Pan Hujie, Zhang Fuhao, Li Xuesong, Xu Min
Appl Opt. 2021 Aug 1;60(22):6469-6478. doi: 10.1364/AO.427578.
Classic algorithms for computed tomography of chemiluminescence include two main steps: tomographic weight matrix calculation using imaging models, and inverse calculation using algebraic reconstruction techniques (ARTs). However, pre-calculated weight matrices require a large amount of storage, and accurate voxel weights may not be obtained using a simplified imaging model. In this study, we propose a new, to the best of our knowledge, method named the multi-weight encode reconstruction network (Multi-WERNet) to learn the implicit light propagation physics from the multi-projections of different flames and simultaneously reconstruct the 3D flame chemiluminescence. The reconstructed results from Multi-WERNet are close to those of ART, and no radial streak is found, which is commonly seen in ART-based methods. With the help of information from different flames, the results reconstructed with 5 views using Multi-WERNet outperform the ART method. Moreover, Multi-WERNet successfully learns the implicit light propagation physics as a voxel weight encoder and can be transferred to unseen cases. Finally, Multi-WERNet is found to have higher robustness than ART in reconstruction with imperfect projections, which makes the algorithm more practical.

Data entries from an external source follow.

(*
  If the coefficients c_k = conj (1 / Lhat k) e^(-i<x0,k>) are absolutely summable, their Fourier
  series converges uniformly to a continuous periodic function, and orthogonality of the characters
  on the cell [0, 2 pi]^d shows that its Fourier coefficients are exactly c_k. Conversely, Bessel's
  inequality forces the coefficients of a continuous function to be square summable, while
  |c_k| = 1 / |Lhat k|. Under spectral growth gamma both criteria reduce to the lattice sums
  sum_k |k|^(-s): these converge for s > d (compare with a product of one-dimensional p-series)
  and diverge for s = d (each dyadic shell of the positive cone contributes a fixed amount).
*)

section \<open>Characters of the torus\<close>

lemma integral_lborel_prod_Basis:
  fixes f :: "'a::euclidean_space \<Rightarrow> real \<Rightarrow> complex"
  assumes "\<And>b. b \<in> Basis \<Longrightarrow> integrable lborel (f b)"
  shows "(\<integral>x. (\<Prod>b\<in>Basis. f b (x \<bullet> b)) \<partial>(lborel::'a measure))
           = (\<Prod>b\<in>Basis. \<integral>t. f b t \<partial>lborel)"
proof -
  interpret product_sigma_finite "\<lambda>_::'a. lborel::real measure" by standard
  have meas: "\<And>b. b \<in> Basis \<Longrightarrow> f b \<in> borel_measurable borel"
    using borel_measurable_integrable[OF assms] by (simp add: measurable_lborel1)
  have "(\<integral>x. (\<Prod>b\<in>Basis. f b (x \<bullet> b)) \<partial>(lborel::'a measure))
      = (\<integral>y. (\<Prod>b\<in>Basis. f b ((\<Sum>b\<in>Basis. y b *\<^sub>R b) \<bullet> b)) \<partial>(\<Pi>\<^sub>M b\<in>Basis. lborel))"
    by (subst lborel_eq, rule integral_distr) (simp, intro borel_measurable_prod, use meas in measurable)
  also have "\<dots> = (\<integral>y. (\<Prod>b\<in>Basis. f b (y b)) \<partial>(\<Pi>\<^sub>M b\<in>Basis. lborel))"
    by (intro Bochner_Integration.integral_cong prod.cong)
      (simp_all add: inner_sum_left inner_Basis if_distrib cong: if_cong)
  also have "\<dots> = (\<Prod>b\<in>Basis. \<integral>t. f b t \<partial>lborel)"
    by (rule product_integral_prod) (auto intro: assms)
  finally show ?thesis .
qed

使用成像模型进行断层权重矩阵计算,以及使用代数重建技术(ART)进行反演计算。然而,预先计算的权重矩阵需要大量存储空间,并且使用简化成像模型可能无法获得准确的体素权重。在本研究中,据我们所知,我们提出了一种名为多权重编码重建网络(Multi-WERNet)的新方法,以从不同火焰的多投影中学习隐式光传播物理,并同时重建三维火焰化学发光。Multi-WERNet的重建结果与ART的结果接近,并且未发现基于ART的方法中常见的径向条纹。借助来自不同火焰的信息,使用Multi-WERNet从5个视图重建的结果优于ART方法。此外,Multi-WERNet成功地将隐式光传播物理学习为体素权重编码器,并且可以转移到未见案例。最后,发现在使用不完美投影进行重建时,Multi-WERNet比ART具有更高的鲁棒性,这使得该算法更具实用性。